Are you saying that you don’t have a coherent answer and that you simply want to punt the question?

JamVet

February 7th, 2013
5:18 pm

“Yea, people were angry about rising unemployemnt and a crappy economy…”

Among a whole boatload of other issues.

Including nearly 5,000 flag draped coffins…

td

February 7th, 2013
5:20 pm

indigo

February 7th, 2013
4:10 pm

JKL2 – 4:03

Don’t be bashful boy!!!

Come right out and say it!!

You want to go back to normal with a white man in the White House.

Nope. I want a CONSERVATIVE back in the White House. Be it a white man, white woman, Black man, Black woman (That one will never happen since 98 plus % are progressives/socialist), Hispanic man, Hispanic woman, Asian man or Asian woman.

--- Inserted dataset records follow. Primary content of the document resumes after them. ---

(* Suppose the folded ribbon knot $\mathcal{K}_{w,F}$ is a topological annulus. Consider a piece of the ribbon of $\mathcal{K}_{w,F}$ corresponding to a part of the knot diagram which has no self-intersections and contains exactly two vertices. Then the contribution of that piece of ribbon to the ribbon linking number is $\pm1$ if and only if its two folds have the same sign.
   Context: For a polygonal knot diagram $\mathcal{K}$ and width $w>0$, the folded ribbon knot $\mathcal{K}_{w,F}$ is a flat strip of width $w$ centred on $\mathcal{K}$, folded at each vertex along a fold line through the vertex perpendicular to the bisector of the angle between the adjacent edges (a piecewise-linear immersion of an annulus or Möbius band whose only singularities are pairwise disjoint fold lines); it is an annulus when $\mathcal{K}$ has an even number of edges. The ribbon linking number is the linking number of the oriented knot diagram with one boundary component of the ribbon (oriented parallel to $\mathcal{K}$), i.e. one half of the sum of the signs (right-hand rule) of the crossings between the diagram and that boundary component; the contribution of a piece of ribbon is one half the sum of those crossing signs occurring in that piece. At a fold with fold angle in $(0,\pi)$ the two crossings between the ribbon boundary and the knot diagram have a common sign, called the sign of the fold: with $\mathcal{K}$ oriented, left underfolds and right overfolds have sign $+1$, left overfolds and right underfolds have sign $-1$ (a fold at $v_i$, incoming edge $e_{i-1}$, outgoing $e_i$, is left/right according as $e_i$ turns left/right of $e_{i-1}$, and is an underfold if the layer of ribbon along $e_i$ lies beneath the layer along $e_{i-1}$, an overfold otherwise). *)

theory Defs
  imports "HOL-Analysis.Analysis"
begin

text \<open>Model of a polygonal knot diagram in the plane (identified with the complex numbers):
  vertices v k (indices taken periodically), edge e_k from v k to v (Suc k).
  The over/under structure of the folded ribbon (which includes the crossing information of
  the diagram and the fold types) is recorded by a relation abv j k, meaning that the layer
  of ribbon along edge e_j lies abv the layer along e_k where they overlap (j, k < n).\<close>

definition cross :: "complex \<Rightarrow> complex \<Rightarrow> real" where
  "cross a b = Im (cnj a * b)"

definition edir :: "(nat \<Rightarrow> complex) \<Rightarrow> nat \<Rightarrow> complex" where
  "edir v k = v (Suc k) - v k"

definition unitdir :: "(nat \<Rightarrow> complex) \<Rightarrow> nat \<Rightarrow> complex" where
  "unitdir v k = edir v k / complex_of_real (cmod (edir v k))"

definition lnormal :: "(nat \<Rightarrow> complex) \<Rightarrow> nat \<Rightarrow> complex" where
  "lnormal v k = \<i> * unitdir v k"

text \<open>direction of the fold line at vertex v k (k \<ge> 1): perpendicular to the bisector
  (direction unitdir v k - unitdir v (k-1)) of the angle between the adjacent edges\<close>
definition fold_dir :: "(nat \<Rightarrow> complex) \<Rightarrow> nat \<Rightarrow> complex" where
  "fold_dir v k = unitdir v (k - 1) + unitdir v k"

definition line_meet :: "complex \<Rightarrow> complex \<Rightarrow> complex \<Rightarrow> complex \<Rightarrow> complex" where
  "line_meet p u c m = p + complex_of_real (cross m (c - p) / cross m u) * u"

text \<open>signed offset (w.r.t. the left normal) of the chosen boundary component (s = 1 or -1)
  on the layer of ribbon along edge e_j; it alternates at each fold, so for an even number of
  edges this is a boundary component of the annulus\<close>
definition boff :: "real \<Rightarrow> real \<Rightarrow> nat \<Rightarrow> real" where
  "boff s w j = s * (-1) ^ j * w / 2"

definition bfold :: "(nat \<Rightarrow> complex) \<Rightarrow> real \<Rightarrow> real \<Rightarrow> nat \<Rightarrow> nat \<Rightarrow> complex" where
  "bfold v s w j k = line_meet (v j + complex_of_real (boff s w j) * lnormal v j)
                       (unitdir v j) (v k) (fold_dir v k)"

text \<open>The piece of ribbon over the part of the diagram from a (inside e_i) through v (i+1),
  v (i+2) to b (inside e_(i+2)), cut perpendicularly at a and b.\<close>
definition piece_bseg ::
  "(nat \<Rightarrow> complex) \<Rightarrow> real \<Rightarrow> real \<Rightarrow> nat \<Rightarrow> complex \<Rightarrow> complex \<Rightarrow> nat \<Rightarrow> complex set" where
  "piece_bseg v s w i a b j =
     (if j = i then closed_segment (a + complex_of_real (boff s w i) * lnormal v i) (bfold v s w i (i+1))
      else if j = i + 1 then closed_segment (bfold v s w (i+1) (i+1)) (bfold v s w (i+1) (i+2))
      else if j = i + 2 then closed_segment (bfold v s w (i+2) (i+2))
                               (b + complex_of_real (boff s w (i+2)) * lnormal v (i+2))
      else {})"

definition piece_crossings ::
  "(nat \<Rightarrow> complex) \<Rightarrow> nat \<Rightarrow> real \<Rightarrow> real \<Rightarrow> nat \<Rightarrow> complex \<Rightarrow> complex \<Rightarrow> (nat \<times> nat \<times> complex) set" where
  "piece_crossings v n s w i a b =
     {(j, k, x). j \<in> {i, i+1, i+2} \<and> k < n \<and> k \<noteq> j mod n \<and>
        x \<in> piece_bseg v s w i a b j \<inter> closed_segment (v k) (v (Suc k))}"

text \<open>sign of a crossing between the boundary (on layer j, oriented parallel to the knot)
  and the diagram edge e_k, by the right-hand rule: sgn (cross over_direction under_direction)\<close>
definition xsign :: "(nat \<Rightarrow> complex) \<Rightarrow> nat \<Rightarrow> (nat \<Rightarrow> nat \<Rightarrow> bool) \<Rightarrow> nat \<Rightarrow> nat \<Rightarrow> real" where
  "xsign v n abv j k =
     (if abv (j mod n) k then sgn (cross (edir v j) (edir v k))
      else sgn (cross (edir v k) (edir v j)))"

definition piece_contribution ::
  "(nat \<Rightarrow> complex) \<Rightarrow> nat \<Rightarrow> (nat \<Rightarrow> nat \<Rightarrow> bool) \<Rightarrow> real \<Rightarrow> real \<Rightarrow> nat \<Rightarrow> complex \<Rightarrow> complex \<Rightarrow> real" where
  "piece_contribution v n abv s w i a b =
     (1/2) * (\<Sum>c\<in>piece_crossings v n s w i a b. xsign v n abv (fst c) (fst (snd c)))"

text \<open>fold at vertex v k (k \<ge> 1), incoming edge e_(k-1), outgoing e_k\<close>
definition left_fold :: "(nat \<Rightarrow> complex) \<Rightarrow> nat \<Rightarrow> bool" where
  "left_fold v k \<longleftrightarrow> cross (edir v (k - 1)) (edir v k) > 0"

definition underfold :: "nat \<Rightarrow> (nat \<Rightarrow> nat \<Rightarrow> bool) \<Rightarrow> nat \<Rightarrow> bool" where
  "underfold n abv k \<longleftrightarrow> abv ((k - 1) mod n) (k mod n)"

definition fold_sign :: "(nat \<Rightarrow> complex) \<Rightarrow> nat \<Rightarrow> (nat \<Rightarrow> nat \<Rightarrow> bool) \<Rightarrow> nat \<Rightarrow> int" where
  "fold_sign v n abv k = (if left_fold v k \<longleftrightarrow> underfold n abv k then 1 else -1)"

end

theory Submission
  imports Defs
begin

(* For small width w the boundary of the piece stays within O(w) of the three segments of the
   diagram it follows, and these lie at positive distance from all other edges, so every crossing
   occurs near one of the two folds. In the frame of the incoming edge at a fold with turning
   direction e^{i theta}, the boundary at offset h on the incoming layer meets the outgoing edge
   iff h sin theta > 0, while the boundary on the outgoing layer (offset -h) meets the incoming
   edge iff h sin theta < 0. So each fold carries exactly one crossing, its sign is the sign of
   the fold, and the contribution of the piece is the mean of the two fold signs. *)

lemma cnj_mult_unit:
  fixes u :: complex assumes "cmod u = 1" shows "cnj u * u = 1"
  using complex_norm_square[of u] assms by (simp add: mult.commute)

Liberal Nightmare (and Cookmans worst nightmare)

February 7th, 2013
5:27 pm

The typical republican in Metro Atl: Professional degree, Lives OSOP, Church Going, Donates to charity, probably owns at least one gun, spends money and contributes to economy.

Typical Democrat: majority have no college education, pay less than 10 percent federal tax, do not donate to Charity, have received some sort of federal or state assistance.

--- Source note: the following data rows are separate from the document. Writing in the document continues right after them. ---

theorem lemma3p3:
  fixes z l u :: "nat \<Rightarrow> real" and lam1 lam2 :: real and n s :: nat
  assumes "lam1 > 0" and "lam2 > 0"
    and "\<forall>i\<in>{1..n}. l i \<le> 0 \<and> 0 \<le> u i"
    and "s \<in> {1..n}"
  shows "(\<exists>i<s. \<exists>a. Hval z l u lam1 lam2 s = Pfun z l u lam1 lam2 s i a
            \<and> (\<forall>i'<s. \<forall>a'. Pfun z l u lam1 lam2 s i a \<le> Pfun z l u lam1 lam2 s i' a'))
    \<and> (\<forall>i a v. i < s
            \<longrightarrow> (\<forall>i'<s. \<forall>a'. Pfun z l u lam1 lam2 s i a \<le> Pfun z l u lam1 lam2 s i' a')
            \<longrightarrow> (\<forall>v'. hfun z l u lam1 lam2 i v \<le> hfun z l u lam1 lam2 i v')
            \<longrightarrow> (\<forall>y'. hfun z l u lam1 lam2 s (\<lambda>j. if j \<le> i then v j else a)
                      \<le> hfun z l u lam1 lam2 s y'))"
proof -
  have lam: "0 \<le> lam1" "0 \<le> lam2"
    using assms(1,2) by simp_all
  have "0 < s"
    using assms(4) by simp
  then obtain i a where i: "i < s"
    and P_min: "\<forall>i'<s. \<forall>a'. Pfun z l u lam1 lam2 s i a \<le> Pfun z l u lam1 lam2 s i' a'"
    using Pfun_attains_min[OF lam(2)] by blast
  obtain v where v_min: "\<forall>v'. hfun z l u lam1 lam2 i v \<le> hfun z l u lam1 lam2 i v'"
    using hfun_attains_min[OF lam] by blast
  have "Hval z l u lam1 lam2 s \<le> hfun z l u lam1 lam2 s (\<lambda>j. if j \<le> i then v j else a)"
    using \<open>0 < s\<close> by (intro Hval_le_hfun) simp
  also have "\<dots> \<le> Pfun z l u lam1 lam2 s i a"
    by (rule hfun_append_le_Pfun[OF lam(1) i v_min])
  finally have "Hval z l u lam1 lam2 s = Pfun z l u lam1 lam2 s i a"
    using Pfun_min_le_Hval[OF i P_min] by (rule antisym)
  with i P_min show ?thesis
    using hfun_append_minimal[OF lam(1)] by blast
qed

end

Yep, those crazy republicans. As long as there are leaches there will be democrats.

Uh Huh....

February 7th, 2013
5:42 pm

@RB from Gwinnett

February 7th, 2013
5:08 pm
“The man left office with an approval rating of 22%. And only 18% among independents!”

Yea, people were angry about rising unemployemnt and a crappy economy and guess what…4 years later we still have unemployement higher than when Bush left, the economy still sucks, and for some damn unknown reason, everybody loves Obama.

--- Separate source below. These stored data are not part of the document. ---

lemma scol_scol [simp]: "scol j (scol j C) = C"
  by (auto simp: mem_scol_iff)

lemma card_scol [simp]: "card (scol j C) = card C"
  by (simp add: scol_def sref_def card_image)

lemma scol_up: "j \<in> C \<Longrightarrow> Suc j \<notin> C \<Longrightarrow> scol j C = insert (Suc j) (C - {j})"
  by (auto simp: mem_scol_iff sref_def transpose_def split: if_splits)

lemma scol_down: "Suc j \<in> C \<Longrightarrow> j \<notin> C \<Longrightarrow> scol j C = insert j (C - {Suc j})"
  by (auto simp: mem_scol_iff sref_def transpose_def split: if_splits)

lemma scol_fixed: "(j \<in> C \<longleftrightarrow> Suc j \<in> C) \<Longrightarrow> scol j C = C"
  by (auto simp: mem_scol_iff sref_def transpose_def split: if_splits)

lemma scol_in_cols:
  assumes "C \<in> cols n l" "j \<in> {1..<n}"
  shows "scol j C \<in> cols n l"
proof -
  have "scol j C \<subseteq> {1..n}"
    using assms unfolding cols_def
    by (auto simp: mem_scol_iff sref_def transpose_def split: if_splits)
  then show ?thesis using assms(1) by (simp add: cols_def)
qed

lemma col_le_refl: "col_le C C"
  by (simp add: col_le_def)

lemma col_le_scol_down:
  assumes "finite D" "Suc j \<in> D" "j \<notin> D"
  shows "col_le (scol j D) D"
proof -
  let ?xs = "sorted_list_of_set D"
  have mono: "strict_mono_on D (sref j)"
    using assms by (auto simp: strict_mono_on_def sref_def transpose_def)
  have "sorted_wrt (<) (map (sref j) ?xs)"
    unfolding sorted_wrt_map
    by (rule sorted_wrt_mono_rel[OF _ strict_sorted_list_of_set])
       (use mono assms in \<open>auto simp: strict_mono_on_def\<close>)
  moreover have "length (map (sref j) ?xs) = card (scol j D)"
    using assms by simp
  ultimately have sorted_scol: "sorted_list_of_set (scol j D) = map (sref j) ?xs"
    using assms by (subst sorted_list_of_set_unique[symmetric]) (auto simp: scol_def)
  have "sref j x \<le> x" if "x \<in> D" for x
    using that assms by (auto simp: sref_def transpose_def)
  moreover have "?xs ! i \<in> D" if "i < card D" for i
    using that assms nth_mem[of i ?xs] by simp
  ultimately show ?thesis
    by (simp add: col_le_def sorted_scol)
qed

text \<open>For \<open>j \<in> D\<close>, \<open>j+1 \<notin> D\<close> the reverse comparison holds, and \<open>col_le\<close> is antisymmetric.\<close>

lemma not_col_le_scol_up:
  assumes "finite D" "j \<in> D" "Suc j \<notin> D"
  shows "\<not> col_le (scol j D) D"
proof
  assume le: "col_le (scol j D) D"
  have fin: "finite (scol j D)"
    using assms(1) by (simp add: scol_def)
  then have "col_le (scol j (scol j D)) (scol j D)"
    using assms by (intro col_le_scol_down) (simp_all add: mem_scol_iff sref_def)
  then have ge: "col_le D (scol j D)" by simp
  have "sorted_list_of_set (scol j D) = sorted_list_of_set D"
  proof (rule nth_equalityI)
    show "length (sorted_list_of_set (scol j D)) = length (sorted_list_of_set D)"
      by simp
    fix i assume "i < length (sorted_list_of_set (scol j D))"
    then have i: "i < card D" by simp
    have "sorted_list_of_set (scol j D) ! i \<le> sorted_list_of_set D ! i"
      using le i unfolding col_le_def by simp
    moreover have "sorted_list_of_set D ! i \<le> sorted_list_of_set (scol j D) ! i"
      using ge i unfolding col_le_def by simp
    ultimately show "sorted_list_of_set (scol j D) ! i = sorted_list_of_set D ! i"
      by (rule antisym)
  qed
  then have "scol j D = D"
    using fin assms(1) by (metis set_sorted_list_of_set)
  moreover have "Suc j \<in> scol j D"
    using assms(2) by (simp add: mem_scol_iff sref_def)
  ultimately show False using assms(3) by simp
qed

lemma col_le_scol_iff:
  assumes "finite D"
  shows "col_le (scol j D) D \<longleftrightarrow> (j \<in> D \<longrightarrow> Suc j \<in> D)"
proof (cases "j \<in> D \<longleftrightarrow> Suc j \<in> D")
  case True
  then show ?thesis by (simp add: scol_fixed col_le_refl)
next
  case False
  then show ?thesis using assms col_le_scol_down not_col_le_scol_up by blast
qed

locale affine_hecke =
  fixes n :: nat and H :: "'h::ring_1 ahecke"
  assumes affine_hecke: "is_affine_hecke n H"
begin

lemma t_unit: "\<exists>s. tH H * s = 1 \<and> s * tH H = 1"
  using affine_hecke unfolding is_affine_hecke_def by (elim conjE) assumption

lemma t_central: "tH H * h = h * tH H"
proof -
  have "\<forall>h. tH H * h = h * tH H"
    using affine_hecke unfolding is_affine_hecke_def by (elim conjE) assumption
  then show ?thesis ..
qed

lemma X_commute:
  assumes "i \<in> {1..n}" "k \<in> {1..n}"
  shows "XH H i * XH H k = XH H k * XH H i"
proof -
  have "\<forall>i\<in>{1..n}. \<forall>k\<in>{1..n}. XH H i * XH H k = XH H k * XH H i"
    using affine_hecke unfolding is_affine_hecke_def by (elim conjE) assumption
  then show ?thesis using assms by blast
qed

lemma T_X_commute:
  assumes "j \<in> {1..<n}" "i \<in> {1..n}" "i \<noteq> j" "i \<noteq> Suc j"
  shows "TH H j * XH H i = XH H i * TH H j"
proof -
  have "\<forall>j\<in>{1..<n}. \<forall>i\<in>{1..n}. i \<noteq> j \<and> i \<noteq> j + 1 \<longrightarrow> TH H j * XH H i = XH H i * TH H j"
    using affine_hecke unfolding is_affine_hecke_def by (elim conjE) assumption
  then show ?thesis using assms by simp
qed

lemma T_quadratic:
  assumes "j \<in> {1..<n}"
  shows "TH H j * TH H j = (tH H - 1) * TH H j + tH H"
proof -
  have "\<forall>j\<in>{1..<n}. TH H j * TH H j = (tH H - 1) * TH H j + tH H"
    using affine_hecke unfolding is_affine_hecke_def by (elim conjE) assumption
  then show ?thesis using assms by blast
qed

lemma T_X_T:
  assumes "j \<in> {1..<n}"
  shows "TH H j * XH H j * TH H j = tH H * XH H (Suc j)"
proof -
  have "\<forall>j\<in>{1..<n}. TH H j * XH H j * TH H j = tH H * XH H (j + 1)"
    using affine_hecke unfolding is_affine_hecke_def by (elim conjE) assumption
  then show ?thesis using assms by simp
qed

lemma hecke_rank_one:
  assumes "j \<in> {1..<n}"
  shows "hecke_rank_one (tH H) (TH H j) (XH H j) (XH H (Suc j))"
  unfolding hecke_rank_one_def
  using t_unit t_central T_quadratic[OF assms] T_X_T[OF assms] by blast

lemma Xcol_insert:
  assumes "insert a E \<subseteq> {1..n}" "a \<notin> E"
  shows "Xcol H (insert a E) = XH H a * Xcol H E"
proof -
  have fin: "finite E"
    using finite_subset[OF assms(1) finite_atLeastAtMost] by simp
  have "\<forall>y\<in>set (sorted_list_of_set E). XH H a * XH H y = XH H y * XH H a"
    using assms fin by (auto intro!: X_commute)
  moreover have "sorted_list_of_set (insert a E) = insort a (sorted_list_of_set E)"
    using fin assms(2) by (simp add: sorted_list_of_set_insert_remove)
  ultimately show ?thesis
    unfolding Xcol_def by (simp only: prod_list_map_insort)
qed

lemma T_Xcol_commute_avoiding:
  assumes "j \<in> {1..<n}" "E \<subseteq> {1..n}" "j \<notin> E" "Suc j \<notin> E"
  shows "TH H j * Xcol H E = Xcol H E * TH H j"
  unfolding Xcol_def
proof (rule commute_prod_list, rule ballI)
  fix y assume "y \<in> set (sorted_list_of_set E)"
  then have "y \<in> E" using assms(2) finite_subset by fastforce
  then show "TH H j * XH H y = XH H y * TH H j"
    using assms by (intro T_X_commute) auto
qed

lemma T_Xcol_up:
  assumes "j \<in> {1..<n}" "C \<subseteq> {1..n}" "j \<in> C" "Suc j \<notin> C"
  shows "TH H j * Xcol H C = Xcol H (scol j C) * (tH H * hinv (TH H j))"
proof -
  interpret hecke_rank_one "tH H" "TH H j" "XH H j" "XH H (Suc j)"
    using assms(1) by (rule hecke_rank_one)
  define E where "E = C - {j}"
  have C: "C = insert j E" "j \<notin> E" "Suc j \<notin> E" "E \<subseteq> {1..n}"
    using assms by (auto simp: E_def)
  have "TH H j * Xcol H E = Xcol H E * TH H j"
    using assms C by (intro T_Xcol_commute_avoiding) auto
  moreover have "tH H * Xcol H E = Xcol H E * tH H"
    by (rule t_central)
  ultimately have E_commute: "(TH H j + 1 - tH H) * Xcol H E = Xcol H E * (TH H j + 1 - tH H)"
    by (simp add: distrib_left distrib_right left_diff_distrib right_diff_distrib)
  have "Xcol H C = XH H j * Xcol H E"
    using assms(2) C(2) unfolding C(1) by (rule Xcol_insert)
  then have "TH H j * Xcol H C = TH H j * XH H j * Xcol H E"
    by (simp add: mult.assoc)
  also have "\<dots> = XH H (Suc j) * ((TH H j + 1 - tH H) * Xcol H E)"
    by (simp only: T_mult_Xj t_hinv_T mult.assoc)
  also have "\<dots> = XH H (Suc j) * Xcol H E * (tH H * hinv (TH H j))"
    by (simp only: E_commute t_hinv_T mult.assoc)
  also have "XH H (Suc j) * Xcol H E = Xcol H (scol j C)"
    unfolding scol_up[OF assms(3,4), folded E_def]
    using assms(1) C(3,4) by (intro Xcol_insert[symmetric]) auto
  finally show ?thesis .
qed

Maybe the low information liberals would be a little more useful in the collective effort to improve things if they would get their “news” from sources other than “Weekend Update” and “The View”????
^^^^^^^^^^^^^^^^^^^^^^^^^^^^^^^^^^^^^^^^^

Maybe the hate filled, angry CONS would be a little less angrier and less

hateful if they would get their “NEWS” from sources other than FAUX NEWS.

BTW, Your grissly mom (Sarah Palin) and your top con advisor Dick Morris

got the BOOT from FAUX NEWS.

What goes around comes around,
That’s what people say;
So, all the pain they caused
Will come back to THEM someday.

комиссар (Occupation)

February 7th, 2013
5:46 pm

skipper: “Al-Alwaki (sp?) needed a good killin’…………..”

Says who?

Decides who?

Uh Huh....I Pledge Alligance to the Liberal States of America

February 7th, 2013
5:49 pm

@Liberal Nightmare (and Cookmans worst nightmare)

February 7th, 2013
5:27 pm
The typical republican in Metro Atl: Professional degree, Lives OSOP, Church Going, Donates to charity, probably owns at least one gun, spends money and contributes to economy.

Typical Democrat: majority have no college education, pay less than 10 percent federal tax, do not donate to Charity, have received some sort of federal or state assistance.

Yep, those crazy republicans. As long as there are leaches there will be democrats.
^^^^^^^^^^^^^^^^^^^^^^^^^^^^^^^^^^^^^

Yep, we crazy liberals. As long as there are haters, fakers, hypocrites, liars,

schemers, tax dodgers, vote tamperers, thieves, there will be Republicans.

Stevie Ray..Clowns to the left and Jokers to the right..here I am...

February 8th, 2013
8:43 am

getalife

February 7th, 2013
1:52 pm

Please make up your mind. Is the country destroyed or is everything wonderful..

Bill Orvis White

February 8th, 2013
12:27 pm

I met the honorable Paul Broun during a Christian retreat back in the early ’90s right after the honorable President George H.W. Bush unfortunately lost his re-election campaign. We were all gathered around a campfire late at night when the honorable future congressman from Georgia told us about the impending doom that would be inflicted upon the nation. I really think it was that night that Mr. Broun had an epiphany that He would be one of many conservative Christians who would become foot soldiers to save the nation from debauchery. Here we are over 20 years later and Mr. Broun is about to become the new junior U.S. senator from Georgia. I’m proud of Rep. Broun and you can bet on it, that I will be writing a check to Him very soon.